┌──
lemma sum_cnj_mult_rank_one_diff:
  "(\<Sum>x\<in>X. cnj (a x) * (R x y - c * u x * h y))
     = (\<Sum>x\<in>X. cnj (a x) * R x y) - c * inner_on X a u * h y"
  unfolding inner_on_def
  by (simp add: right_diff_distrib sum_subtractf sum_distrib_left sum_distrib_right mult_ac)

lemma sum_rank_one_diff_mult_cnj:
  "(\<Sum>y\<in>Y. (R x y - c * u x * h y) * cnj (b y))
     = (\<Sum>y\<in>Y. R x y * cnj (b y)) - c * u x * inner_on Y b h"
  unfolding inner_on_def
  by (simp add: left_diff_distrib right_diff_distrib sum_subtractf sum_distrib_left
      sum_distrib_right mult_ac)

lemma partial_svd_step:
  assumes "finite X" "finite Y" and P: "partial_svd X Y M m \<alpha> f g"
    and "x0 \<in> X" "y0 \<in> Y" "svd_residual M \<alpha> f g m x0 y0 \<noteq> 0"
  shows "\<exists>\<alpha>' f' g'. partial_svd X Y M (Suc m) \<alpha>' f' g'"
proof -
  define R where "R = svd_residual M \<alpha> f g m"
  obtain \<sigma> u w where \<sigma>: "0 < \<sigma>" and u: "inner_on X u u = 1" and w: "sqnorm_on Y w = 1"
    and image: "\<And>x. x \<in> X \<Longrightarrow> mat_apply Y R w x = complex_of_real \<sigma> * u x"
    and coimage: "\<And>y. y \<in> Y \<Longrightarrow> adjoint_apply X R u y = complex_of_real \<sigma> * w y"
    using top_singular_pair[OF assms(1,2,4,5), of R] assms(6)
    unfolding R_def sqnorm_on_eq_1_iff by metis
  define h where "h y = cnj (w y)" for y
  have h: "inner_on Y h h = 1"
    using w unfolding sqnorm_on_eq_1_iff[symmetric] sqnorm_on_def h_def by simp
  have hR: "(\<Sum>y\<in>Y. R x y * cnj (h y)) = complex_of_real \<sigma> * u x" if "x \<in> X" for x
    using image[OF that] unfolding mat_apply_def h_def by simp
  have uR: "(\<Sum>x\<in>X. cnj (u x) * R x y) = complex_of_real \<sigma> * h y" if "y \<in> Y" for y
    using arg_cong[OF coimage[OF that], of cnj] unfolding adjoint_apply_def h_def
    by (simp add: mult.commute)
  from P have \<alpha>: "\<forall>i<m. 0 < \<alpha> i" and f: "orthonormal_on X f m" and g: "orthonormal_on Y g m"
    and fR: "\<And>i y. i < m \<Longrightarrow> y \<in> Y \<Longrightarrow> (\<Sum>x\<in>X. cnj (f i x) * R x y) = 0"
    and Rg: "\<And>i x. i < m \<Longrightarrow> x \<in> X \<Longrightarrow> (\<Sum>y\<in>Y. R x y * cnj (g i y)) = 0"
    unfolding partial_svd_def R_def by auto
  have fu: "inner_on X (f i) u = 0" if "i < m" for i
    by (rule inner_on_eq_0_if_annihilates[where c = "complex_of_real \<sigma>" and Y = Y and R = R
          and b = "\<lambda>y. cnj (h y)"])
      (use \<sigma> fR[OF that] hR in auto)
  have gh: "inner_on Y (g i) h = 0" if "i < m" for i
    by (rule inner_on_eq_0_if_annihilates[where c = "complex_of_real \<sigma>" and Y = X
          and R = "\<lambda>y x. R x y" and b = "\<lambda>x. cnj (u x)"])
      (use \<sigma> Rg[OF that] uR in \<open>auto simp: mult.commute\<close>)
  have "partial_svd X Y M (Suc m) (\<alpha>(m := \<sigma>)) (f(m := u)) (g(m := h))"
    unfolding partial_svd_def svd_residual_extend R_def[symmetric]
  proof (intro conjI allI impI ballI)
    show "orthonormal_on X (f(m := u)) (Suc m)" by (rule orthonormal_on_extend[OF f u fu])
    show "orthonormal_on Y (g(m := h)) (Suc m)" by (rule orthonormal_on_extend[OF g h gh])
  next
    fix i y assume "i < Suc m" "y \<in> Y"
    thus "(\<Sum>x\<in>X. cnj ((f(m := u)) i x) * (R x y - complex_of_real \<sigma> * u x * h y)) = 0"
      unfolding sum_cnj_mult_rank_one_diff using fR fu uR u by (auto simp: less_Suc_eq)
  next
    fix i x assume "i < Suc m" "x \<in> X"
    thus "(\<Sum>y\<in>Y. (R x y - complex_of_real \<sigma> * u x * h y) * cnj ((g(m := h)) i y)) = 0"
      unfolding sum_rank_one_diff_mult_cnj using Rg gh hR h by (auto simp: less_Suc_eq)
  qed (use \<alpha> \<sigma> in \<open>auto simp: less_Suc_eq\<close>)
  thus ?thesis by blast
qed

lemma singular_value_decomposition:
  fixes M :: "'x \<Rightarrow> 'y \<Rightarrow> complex"
  assumes "finite X" "finite Y"
  obtains k \<alpha> f g where "\<forall>i<k. 0 < \<alpha> i" "orthonormal_on X f k" "orthonormal_on Y g k"
    "\<And>x y. x \<in> X \<Longrightarrow> y \<in> Y \<Longrightarrow> M x y = (\<Sum>i<k. complex_of_real (\<alpha> i) * f i x * g i y)"
proof -
  have "partial_svd X Y M 0 \<alpha> f g" for \<alpha> f g
    unfolding partial_svd_def orthonormal_on_def by simp
  moreover have "m \<le> card X" if "partial_svd X Y M m \<alpha> f g" for m \<alpha> f g
    using that orthonormal_on_card_le[OF assms(1)] unfolding partial_svd_def by blast
  ultimately obtain m where "\<exists>\<alpha> f g. partial_svd X Y M m \<alpha> f g"
    and greatest: "\<And>m'. \<exists>\<alpha> f g. partial_svd X Y M m' \<alpha> f g \<Longrightarrow> m' \<le> m"
    using Nat.ex_has_greatest_nat[of "\<lambda>m. \<exists>\<alpha> f g. partial_svd X Y M m \<alpha> f g" 0 "card X"] by blast
  then obtain \<alpha> f g where P: "partial_svd X Y M m \<alpha> f g" by blast
  have "svd_residual M \<alpha> f g m x y = 0" if "x \<in> X" "y \<in> Y" for x y
    using partial_svd_step[OF assms P that] greatest[of "Suc m"] by fastforce
  hence "M x y = (\<Sum>i<m. complex_of_real (\<alpha> i) * f i x * g i y)" if "x \<in> X" "y \<in> Y" for x y
    using that unfolding svd_residual_def by simp
  with P show ?thesis using that[of m \<alpha> f g] unfolding partial_svd_def by blast
qed

section \<open>Schmidt decomposition and entanglement entropy\<close>

lemma sum_Pow_split:
  assumes "A \<subseteq> V"
  shows "(\<Sum>S\<in>Pow V. h S) = (\<Sum>P\<in>Pow A. \<Sum>Q\<in>Pow (V - A). h (P \<union> Q))"
proof -
  have "bij_betw (\<lambda>(P, Q). P \<union> Q) (Pow A \<times> Pow (V - A)) (Pow V)"
    by (rule bij_betw_byWitness[where f' = "\<lambda>S. (S \<inter> A, S - A)"]) (use assms in auto)
  thus ?thesis by (simp add: sum.reindex_bij_betw[symmetric] sum.cartesian_product split_def)
qed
└──
Proceeding from the line containing "for \<alpha> f g" through the line containing "by (rule bij_betw_byWitness[where", transcribe the lines above exactly, both end lines included.

RESULT BELOW –
  have "partial_svd X Y M 0 \<alpha> f g" for \<alpha> f g
    unfolding partial_svd_def orthonormal_on_def by simp
  moreover have "m \<le> card X" if "partial_svd X Y M m \<alpha> f g" for m \<alpha> f g
    using that orthonormal_on_card_le[OF assms(1)] unfolding partial_svd_def by blast
  ultimately obtain m where "\<exists>\<alpha> f g. partial_svd X Y M m \<alpha> f g"
    and greatest: "\<And>m'. \<exists>\<alpha> f g. partial_svd X Y M m' \<alpha> f g \<Longrightarrow> m' \<le> m"
    using Nat.ex_has_greatest_nat[of "\<lambda>m. \<exists>\<alpha> f g. partial_svd X Y M m \<alpha> f g" 0 "card X"] by blast
  then obtain \<alpha> f g where P: "partial_svd X Y M m \<alpha> f g" by blast
  have "svd_residual M \<alpha> f g m x y = 0" if "x \<in> X" "y \<in> Y" for x y
    using partial_svd_step[OF assms P that] greatest[of "Suc m"] by fastforce
  hence "M x y = (\<Sum>i<m. complex_of_real (\<alpha> i) * f i x * g i y)" if "x \<in> X" "y \<in> Y" for x y
    using that unfolding svd_residual_def by simp
  with P show ?thesis using that[of m \<alpha> f g] unfolding partial_svd_def by blast
qed

section \<open>Schmidt decomposition and entanglement entropy\<close>

lemma sum_Pow_split:
  assumes "A \<subseteq> V"
  shows "(\<Sum>S\<in>Pow V. h S) = (\<Sum>P\<in>Pow A. \<Sum>Q\<in>Pow (V - A). h (P \<union> Q))"
proof -
  have "bij_betw (\<lambda>(P, Q). P \<union> Q) (Pow A \<times> Pow (V - A)) (Pow V)"
    by (rule bij_betw_byWitness[where f' = "\<lambda>S. (S \<inter> A, S - A)"]) (use assms in auto)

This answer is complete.